If Lijn didn’t have enough in the way of preoccupations and obsessions, a third artist might be present: one who is interested in performance. The most striking works in this vein are the large-scale installations Woman of War (1986) and Lady of the Wild Things (1983), which comprise a performance piece called Conjunction of Opposites. In a darkened space, a nearly three-metre-high figure made of steel and aluminium begins to sing (it’s Lijn, who has a very expressive voice, singing) and opens her wings to reveal black, red and yellow plumage. As the wings of a second sculpture light up in response, dry ice begins to rise around Woman of War, who shoots a red laser beam towards it, thus ending what Lijn calls a six-minute-long ‘cosmic drama’, until the sequence begins again.

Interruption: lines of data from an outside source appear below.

lemma advdiff_pullback:
  fixes U a V :: "3 \<Rightarrow> spacetime \<Rightarrow> real" and F :: "3 \<Rightarrow> real" and Q :: "real^3^3"
  assumes U: "\<And>j. smooth_fun (U j)" and a: "\<And>m. smooth_fun (a m)" and V: "\<And>m. smooth_fun (V m)"
    and a_eq: "\<And>m q. snd q \<in> S \<Longrightarrow> advdiff \<nu> U (a m) q = 0" and p: "snd p \<in> S"
    and Q: "Q ** (\<chi> m j. dx j (a m) p) = mat 1"
    and V_eq: "\<And>m. advdiff \<nu> U (V m) p =
       2 * \<nu> * (\<Sum>n\<in>UNIV. \<Sum>k\<in>UNIV. (\<Sum>j\<in>UNIV. Q $ j $ m * dx j (dx k (a n)) p) * dx k (V n) p)
       + (\<Sum>j\<in>UNIV. Q $ j $ m * F j)"
  shows "advdiff \<nu> U (\<lambda>q. \<Sum>m\<in>UNIV. dx i (a m) q * V m q) p
    + (\<Sum>j\<in>UNIV. dx i (U j) p * (\<Sum>m\<in>UNIV. dx j (a m) p * V m p)) = F i"
proof -
  define cross where "cross j = (\<Sum>n\<in>UNIV. \<Sum>k\<in>UNIV. dx j (dx k (a n)) p * dx k (V n) p)" for j
  have "advdiff \<nu> U (V m) p = (\<Sum>j\<in>UNIV. Q $ j $ m * (2 * \<nu> * cross j + F j))" for m
    unfolding V_eq cross_def sum_sum_sum_factor_out
    by (simp add: sum.distrib sum_distrib_left algebra_simps)
  then have contracted: "(\<Sum>m\<in>UNIV. dx i (a m) p * advdiff \<nu> U (V m) p) = 2 * \<nu> * cross i + F i"
    using left_inverse_transpose_contract[OF Q] by simp
  have "(\<Sum>m\<in>UNIV. advdiff \<nu> U (dx i (a m)) p * V m p)
      = - (\<Sum>m\<in>UNIV. \<Sum>j\<in>UNIV. dx i (U j) p * (dx j (a m) p * V m p))"
    by (simp add: advdiff_dx_of_solution[OF U a a_eq p] sum_distrib_right sum_negf mult.assoc)
  also have "\<dots> = - (\<Sum>j\<in>UNIV. dx i (U j) p * (\<Sum>m\<in>UNIV. dx j (a m) p * V m p))"
    by (subst sum.swap) (simp add: sum_distrib_left)
  finally have transported: "(\<Sum>m\<in>UNIV. advdiff \<nu> U (dx i (a m)) p * V m p)
      = - (\<Sum>j\<in>UNIV. dx i (U j) p * (\<Sum>m\<in>UNIV. dx j (a m) p * V m p))" .
  have "(\<Sum>m\<in>UNIV. \<Sum>k\<in>UNIV. dx k (dx i (a m)) p * dx k (V m) p) = cross i"
    unfolding cross_def by (simp add: dderiv_commute[OF a])
  moreover have "advdiff \<nu> U (\<lambda>q. \<Sum>m\<in>UNIV. dx i (a m) q * V m q) p
     = (\<Sum>m\<in>UNIV. advdiff \<nu> U (dx i (a m)) p * V m p)
       + (\<Sum>m\<in>UNIV. dx i (a m) p * advdiff \<nu> U (V m) p)
       - 2 * \<nu> * (\<Sum>m\<in>UNIV. \<Sum>k\<in>UNIV. dx k (dx i (a m)) p * dx k (V m) p)"
    by (simp add: advdiff_sum advdiff_mult U a V smooth_fun_intros sum.distrib sum_subtractf
        sum_distrib_left)
  ultimately show ?thesis
    using contracted transported by simp
qed

lemma case_prod_comp_Afield:
  "case_prod (comp (Afield ell) m) = (\<lambda>q. fst q $ m + case_prod (comp ell m) q)"
  by (simp add: fun_eq_iff Afield_def comp_def)

lemma smooth_fun_Afield_component:
  "smooth_field ell \<Longrightarrow> smooth_fun (case_prod (comp (Afield ell) m))"
  unfolding case_prod_comp_Afield
  by (intro smooth_fun_add smooth_fun_linear bounded_linear_space_coordinate smooth_field_component)

lemma advdiff_Afield:
  assumes "smooth_field ell"
  shows "advdiff \<nu> (\<lambda>j. case_prod (comp u j)) (case_prod (comp (Afield ell) m)) (x, t)
    = Gam \<nu> u (comp ell m) x t + u x t $ m"
  using assms
  by (simp add: case_prod_comp_Afield advdiff_coordinate_add smooth_field_component
      Gam_eq_advdiff[symmetric]) (simp add: comp_def)

lemma gradA_eq_dderiv:
  "smooth_field ell \<Longrightarrow> gradA ell x t = (\<chi> m j. dx j (case_prod (comp (Afield ell) m)) (x, t))"
  by (simp add: gradA_def pdx_eq_dderiv smooth_fun_differentiable smooth_fun_Afield_component)

lemma Cc_eq_dderiv:
  "smooth_field ell \<Longrightarrow> Cc ell m k i x t =
    (\<Sum>j\<in>UNIV. Qm ell x t $ j $ i * dx j (dx k (case_prod (comp (Afield ell) m))) (x, t))"
  by (simp add: Cc_def pdx_pdx_eq_dderiv smooth_fun_Afield_component)

theorem proposition3:
  fixes \<nu> L T :: real and u f ell v w :: "real^3 \<Rightarrow> real \<Rightarrow> real^3"
  assumes "\<nu> > 0" "L > 0" "T > 0"
    and "smooth_field u" "smooth_field f" "smooth_field ell" "smooth_field v"
    and "periodic_field L u" "periodic_field L f" "periodic_field L ell" "periodic_field L v"
    and ell_eq: "\<And>x t i. t \<in> {0..T} \<Longrightarrow> Gam \<nu> u (comp ell i) x t + u x t $ i = 0"
    and inv: "\<And>x t. t \<in> {0..T} \<Longrightarrow> invertible (gradA ell x t)"
    and v_eq: "\<And>x t i. t \<in> {0..T} \<Longrightarrow>
       Gam \<nu> u (comp v i) x t =
         2 * \<nu> * (\<Sum>m\<in>UNIV. \<Sum>k\<in>UNIV. Cc ell m k i x t * pdx k (comp v m) x t)
         + (\<Sum>j\<in>UNIV. Qm ell x t $ j $ i * f x t $ j)"
    and w_def: "\<And>x t i. w x t $ i = (\<Sum>m\<in>UNIV. pdx i (comp (Afield ell) m) x t * v x t $ m)"
  shows "\<And>x t i. t \<in> {0..T} \<Longrightarrow>
     Gam \<nu> u (comp w i) x t + (\<Sum>j\<in>UNIV. pdx i (comp u j) x t * w x t $ j) = f x t $ i"
proof -
  fix x t i
  assume t: "t \<in> {0..T}"
  define U where "U = (\<lambda>j. case_prod (comp u j))"
  define a where "a = (\<lambda>m. case_prod (comp (Afield ell) m))"
  define V where "V = (\<lambda>m. case_prod (comp v m))"
  have smooth: "smooth_fun (U j)" "smooth_fun (a j)" "smooth_fun (V j)" for j
    using assms(4,6,7)
    by (simp_all add: U_def a_def V_def smooth_field_component smooth_fun_Afield_component)
  have w: "case_prod (comp w j) = (\<lambda>q. \<Sum>m\<in>UNIV. dx j (a m) q * V m q)" for j
    using smooth(2)
    by (auto simp: comp_def[of w] w_def a_def V_def comp_def[of v] pdx_eq_dderiv
        smooth_fun_differentiable)
  have a_eq: "advdiff \<nu> U (a m) q = 0" if "snd q \<in> {0..T}" for m q
    using ell_eq[OF that] advdiff_Afield[OF assms(6), of \<nu> u m "fst q" "snd q"]
    unfolding a_def U_def by simp
  have Q: "Qm ell x t ** (\<chi> m j. dx j (a m) (x, t)) = mat 1"
    using matrix_inv_left[OF inv[where x=x, OF t]] assms(6)
    by (simp add: Qm_def gradA_eq_dderiv a_def)
  have V_eq: "advdiff \<nu> U (V m) (x, t) =
      2 * \<nu> * (\<Sum>n\<in>UNIV. \<Sum>k\<in>UNIV. (\<Sum>j\<in>UNIV. Qm ell x t $ j $ m * dx j (dx k (a n)) (x, t))
        * dx k (V n) (x, t))
      + (\<Sum>j\<in>UNIV. Qm ell x t $ j $ m * f x t $ j)" for m
    using v_eq[OF t, of m] smooth(3) assms(6) unfolding U_def a_def V_def
    by (simp add: Gam_eq_advdiff Cc_eq_dderiv pdx_eq_dderiv smooth_fun_differentiable)
  have "advdiff \<nu> U (case_prod (comp w i)) (x, t)
      + (\<Sum>j\<in>UNIV. dx i (U j) (x, t) * case_prod (comp w j) (x, t)) = f x t $ i"
    unfolding w using advdiff_pullback[where S="{0..T}", OF smooth a_eq _ Q V_eq] t by simp
  moreover have "smooth_fun (case_prod (comp w i))"
    unfolding w by (simp add: smooth smooth_fun_intros)
  ultimately show "Gam \<nu> u (comp w i) x t + (\<Sum>j\<in>UNIV. pdx i (comp u j) x t * w x t $ j) = f x t $ i"
    using smooth(1) unfolding U_def
    by (simp add: Gam_eq_advdiff pdx_eq_dderiv smooth_fun_differentiable comp_def[of w])
qed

It’s the culmination of the exhibition at the Haus der Kunst, but there are moments of theatre throughout the rooms. To spare their mechanisms and, perhaps, focus the visitors’ attention, the cylinders and cones all come on at set times. I double back several times to catch a particular one, though somehow miss Fidel Prism (1964) each time and can’t tell what effect the dematerialisation of Castro’s first name might have on me.
But the best example of what Lijn calls ‘art theatre’ is a private, impromptu performance the artist inadvertently gives me as I am on my way out of her studio. Passing a plinth covered in small cones, or Koans, of many colours covered in symbols – to some eyes, they look like party hats that witches might wear, but I keep the thought to myself – I am rewarded by Lijn turning the cones on. The symbols are Sumerian glyphs, she says. As they revolve, Lijn recounts the adventures of the goddess Inanna, known in other mythical systems as Ishtar, who keeps changing roles, outwitting her enemies, saving her friends and acquiring new knowledge. I ask Lijn if things end well for Inanna. ‘Things end well,’ she says, ‘though she goes to the underworld towards the end, because she’s kind of bored and wants to find out more.’ As I reluctantly leave Lijn’s realm, I find it hard to imagine her ever getting bored.
‘Liliane Lijn: Arise Alive’ is at Mumok, Vienna, from 15 November–4 May 2025. A memoir, Liquid Reflections, will be published by Hamish Hamilton next year.